:: ACTIVITY ::
Could you filter the data below down to the lines that hold the word "open"?

:: MATERIALS PROVIDED ::
(* Let $p,p'\ge1$ with $|p-p'|=1$ and let $X=\alpha_{(p,p')}(Y)$ where $Y=y_1y_2\cdots$ is a Sturmian word in which $bb$ does not occur. An occurrence of the letter $b$ in $X$ (as a palindrome center) is original if and only if it is the first letter $b$ of $\alpha(y_jy_{j+1})$ (i.e. the last letter of $\alpha(y_j)$) for some $j$ with $y_j\neq y_{j+1}$.
   Context: $\alpha_{(p,p')}$ is the morphism $a\mapsto a^pb$, $b\mapsto a^{p'}b$. A Sturmian word is a right-infinite aperiodic word over $\{a,b\}$ with exactly $n+1$ factors of each length $n$. A center occurrence in a word is an occurrence of one of the factors $a$, $b$, $aa$. Write $X=\alpha(y_1)\alpha(y_2)\cdots$, with $\alpha(y_j)$ occupying positions $s_j+1,\dots,s_j+|\alpha(y_j)|$, $s_j=\sum_{t<j}|\alpha(y_t)|$. Reflections: the reflection of an occurrence $y_j=a$ (resp. $b$) is the center (middle letter if odd length, middle two letters if even length) of the run $a^p$ (resp. $a^{p'}$) at positions $s_j+1,\dots,s_j+p$ (resp. $s_j+p'$); the reflection of an occurrence $y_jy_{j+1}=aa$ is the letter $b$ at position $s_j+p+1$. A center occurrence of $X$ is original if it is not the reflection of any center occurrence of $Y$. *)

theory Defs
  imports Main
begin

datatype letter = A | B

(* infinite words are functions nat => letter, indexed from 0
   (index i corresponds to position i+1 of the paper) *)

definition factors :: "(nat \<Rightarrow> letter) \<Rightarrow> nat \<Rightarrow> letter list set" where
  "factors w n = {map w [i..<i+n] | i. True}"

definition ult_periodic :: "(nat \<Rightarrow> 'a) \<Rightarrow> bool" where
  "ult_periodic w \<longleftrightarrow> (\<exists>P>0. \<exists>N. \<forall>i\<ge>N. w (i + P) = w i)"

definition sturmian :: "(nat \<Rightarrow> letter) \<Rightarrow> bool" where
  "sturmian w \<longleftrightarrow> \<not> ult_periodic w \<and> (\<forall>n. card (factors w n) = n + 1)"

fun alpha :: "nat \<Rightarrow> nat \<Rightarrow> letter \<Rightarrow> letter list" where
  "alpha p p' A = replicate p A @ [B]"
| "alpha p p' B = replicate p' A @ [B]"

(* s_j: alpha(y j) occupies indices spos f y j .. spos f y (Suc j) - 1 *)
definition spos :: "(letter \<Rightarrow> letter list) \<Rightarrow> (nat \<Rightarrow> letter) \<Rightarrow> nat \<Rightarrow> nat" where
  "spos f y j = (\<Sum>t<j. length (f (y t)))"

(* the infinite word f(y_0) f(y_1) ... (f assumed non-erasing) *)
definition morph_apply :: "(letter \<Rightarrow> letter list) \<Rightarrow> (nat \<Rightarrow> letter) \<Rightarrow> nat \<Rightarrow> letter" where
  "morph_apply f y i = (let j = (LEAST j. i < spos f y (Suc j)) in f (y j) ! (i - spos f y j))"

(* an occurrence is (start index, length); center occurrences are occurrences of a, b or aa *)
definition center_occ :: "(nat \<Rightarrow> letter) \<Rightarrow> nat \<times> nat \<Rightarrow> bool" where
  "center_occ w c \<longleftrightarrow> (snd c = 1 \<or> (snd c = 2 \<and> w (fst c) = A \<and> w (Suc (fst c)) = A))"

definition run_center :: "nat \<Rightarrow> nat \<Rightarrow> nat \<times> nat" where
  "run_center s m = (if odd m then (s + m div 2, 1) else (s + m div 2 - 1, 2))"

(* d (occurrence in X = alpha(Y)) is the reflection of the center occurrence c of Y *)
definition is_reflection :: "nat \<Rightarrow> nat \<Rightarrow> (nat \<Rightarrow> letter) \<Rightarrow> nat \<times> nat \<Rightarrow> nat \<times> nat \<Rightarrow> bool" where
  "is_reflection p p' y c d \<longleftrightarrow> center_occ y c \<and>
     ((snd c = 1 \<and> d = run_center (spos (alpha p p') y (fst c)) (if y (fst c) = A then p else p'))
    \<or> (snd c = 2 \<and> d = (spos (alpha p p') y (fst c) + p, 1)))"

definition original :: "nat \<Rightarrow> nat \<Rightarrow> (nat \<Rightarrow> letter) \<Rightarrow> nat \<times> nat \<Rightarrow> bool" where
  "original p p' y d \<longleftrightarrow> center_occ (morph_apply (alpha p p') y) d \<and>
     \<not> (\<exists>c. is_reflection p p' y c d)"

end

theory Submission
  imports Defs
begin

text \<open>Every letter b of X = \<alpha>(Y) ends a block \<alpha>(y_j). The reflection of a single letter
of Y is the middle letter of an odd run of a's, so the only center occurrences of Y reflecting
onto a b are factors y_j y_(j+1) = aa, and the reflection of such a factor is exactly the last
letter of \<alpha>(y_j). Hence that b is original iff y_j y_(j+1) \<noteq> aa, which in the absence of bb
means y_j \<noteq> y_(j+1).\<close>

lemma spos_0 [simp]: "spos f y 0 = 0"
  by (simp add: spos_def)

lemma spos_Suc: "spos f y (Suc j) = spos f y j + length (f (y j))"
  by (simp add: spos_def)

lemma strict_mono_spos:
  assumes "[] \<notin> range f"
  shows "strict_mono (spos f y)"
proof (rule strict_mono_Suc_iff[THEN iffD2], intro allI)
  fix j
  have "f (y j) \<noteq> []"
    using assms by (metis rangeI)
  then show "spos f y j < spos f y (Suc j)"
    by (simp add: spos_Suc)
qed

lemma ex_block_containing:
  assumes "[] \<notin> range f"
  shows "\<exists>j. spos f y j \<le> i \<and> i < spos f y (Suc j)"
proof -
  have "Suc i \<le> spos f y (Suc i)"
    using strict_mono_imp_increasing[OF strict_mono_spos[OF assms]] .
  then have "\<exists>j. i < spos f y j"
    by (metis Suc_le_eq)
  then obtain k where k: "i < spos f y k" and least: "\<And>k'. k' < k \<Longrightarrow> \<not> i < spos f y k'"
    using exists_least_iff[of "\<lambda>k. i < spos f y k"] by blast
  then obtain j where "k = Suc j"
    by (cases k) auto
  then show ?thesis
    using k least[of j] leI by auto
qed

lemma morph_apply_in_block:
  assumes "[] \<notin> range f" and "spos f y j \<le> i" and "i < spos f y (Suc j)"
  shows "morph_apply f y i = f (y j) ! (i - spos f y j)"
proof -
  have "(LEAST j. i < spos f y (Suc j)) = j"
  proof (rule Least_equality)
    fix k assume "i < spos f y (Suc k)"
    then have "spos f y j < spos f y (Suc k)"
      using assms(2) by linarith
    then show "j \<le> k"
      using strict_mono_less[OF strict_mono_spos[OF assms(1)]] by simp
  qed (fact assms(3))
  then show ?thesis
    by (simp add: morph_apply_def)
qed

lemma alpha_eq: "alpha p p' x = replicate (if x = A then p else p') A @ [B]"
  by (cases x) auto

lemma alpha_nonempty: "[] \<notin> range (alpha p p')"
  by (auto simp: alpha_eq)

lemma spos_alpha_Suc: "spos (alpha p p') y (Suc j) = spos (alpha p p') y j + Suc (if y j = A then p else p')"
  by (simp add: spos_Suc alpha_eq)

lemma morph_apply_alpha_in_run:
  assumes "spos (alpha p p') y j \<le> i" and "i < spos (alpha p p') y j + (if y j = A then p else p')"
  shows "morph_apply (alpha p p') y i = A"
  using assms morph_apply_in_block[OF alpha_nonempty assms(1)]
  by (simp add: spos_alpha_Suc alpha_eq nth_append)

lemma morph_apply_alpha_eq_B_iff:
  "morph_apply (alpha p p') y i = B \<longleftrightarrow> (\<exists>j. Suc i = spos (alpha p p') y (Suc j))"
proof
  obtain j where j: "spos (alpha p p') y j \<le> i" "i < spos (alpha p p') y (Suc j)"
    using ex_block_containing[OF alpha_nonempty] by blast
  assume "morph_apply (alpha p p') y i = B"
  then have "Suc i = spos (alpha p p') y (Suc j)"
    using j morph_apply_alpha_in_run[of p p' y j i] by (fastforce simp: spos_alpha_Suc)
  then show "\<exists>j. Suc i = spos (alpha p p') y (Suc j)" ..
next
  assume "\<exists>j. Suc i = spos (alpha p p') y (Suc j)"
  then obtain j where "Suc i = spos (alpha p p') y (Suc j)" ..
  then show "morph_apply (alpha p p') y i = B"
    using morph_apply_in_block[OF alpha_nonempty, where y = y and j = j and i = i]
    by (simp add: spos_alpha_Suc alpha_eq nth_append)
qed

lemma reflection_of_letter_is_A:
  assumes "is_reflection p p' y (k, 1) (i, 1)"
  shows "morph_apply (alpha p p') y i = A"
proof -
  let ?m = "if y k = A then p else p'"
  have "odd ?m" and "i = spos (alpha p p') y k + ?m div 2"
    using assms by (auto simp: is_reflection_def run_center_def split: if_splits)
  moreover have "?m div 2 < ?m"
    using \<open>odd ?m\<close> by (simp add: odd_pos)
  ultimately show ?thesis
    using morph_apply_alpha_in_run[of p p' y k i] by simp
qed

lemma reflection_at_block_end_iff:
  assumes "Suc i = spos (alpha p p') y (Suc j)"
  shows "(\<exists>c. is_reflection p p' y c (i, 1)) \<longleftrightarrow> y j = A \<and> y (Suc j) = A"
proof
  assume "\<exists>c. is_reflection p p' y c (i, 1)"
  then obtain k l where c: "is_reflection p p' y (k, l) (i, 1)"
    by auto
  have "morph_apply (alpha p p') y i = B"
    using assms morph_apply_alpha_eq_B_iff by blast
  then have "l = 2" and yk: "y k = A" "y (Suc k) = A" and "i = spos (alpha p p') y k + p"
    using c reflection_of_letter_is_A[of p p' y k i]
    by (auto simp: is_reflection_def center_occ_def)
  then have "spos (alpha p p') y (Suc k) = spos (alpha p p') y (Suc j)"
    using assms by (simp add: spos_alpha_Suc)
  then have "k = j"
    using strict_mono_eq[OF strict_mono_spos[OF alpha_nonempty]] by blast
  then show "y j = A \<and> y (Suc j) = A"
    using yk by simp
next
  assume "y j = A \<and> y (Suc j) = A"
  then have "is_reflection p p' y (j, 2) (i, 1)"
    using assms by (simp add: is_reflection_def center_occ_def spos_alpha_Suc)
  then show "\<exists>c. is_reflection p p' y c (i, 1)" ..
qed

theorem corollary1:
  fixes p p' :: nat and y :: "nat \<Rightarrow> letter" and i :: nat
  assumes "p \<ge> 1" and "p' \<ge> 1" and "p = p' + 1 \<or> p' = p + 1"
    and "sturmian y"
    and "\<not> (\<exists>j. y j = B \<and> y (Suc j) = B)"
    and "morph_apply (alpha p p') y i = B"
  shows "original p p' y (i, 1) \<longleftrightarrow>
         (\<exists>j. Suc i = spos (alpha p p') y (Suc j) \<and> y j \<noteq> y (Suc j))"
proof -
  obtain j where j: "Suc i = spos (alpha p p') y (Suc j)"
    using assms(6) morph_apply_alpha_eq_B_iff by blast
  have unique: "k = j" if "Suc i = spos (alpha p p') y (Suc k)" for k
    using that j strict_mono_eq[OF strict_mono_spos[OF alpha_nonempty]] by (metis Suc_inject)
  have "original p p' y (i, 1) \<longleftrightarrow> \<not> (y j = A \<and> y (Suc j) = A)"
    using reflection_at_block_end_iff[OF j] by (simp add: original_def center_occ_def)
  also have "\<dots> \<longleftrightarrow> y j \<noteq> y (Suc j)"
    using assms(5) by (cases "y j"; cases "y (Suc j)") auto
  also have "\<dots> \<longleftrightarrow> (\<exists>j. Suc i = spos (alpha p p') y (Suc j) \<and> y j \<noteq> y (Suc j))"
    using j unique by blast
  finally show ?thesis .
qed

end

:: TASK OUTPUT ::
text \<open>Every letter b of X = \<alpha>(Y) ends a block \<alpha>(y_j). The reflection of a single letter
    using \<open>odd ?m\<close> by (simp add: odd_pos)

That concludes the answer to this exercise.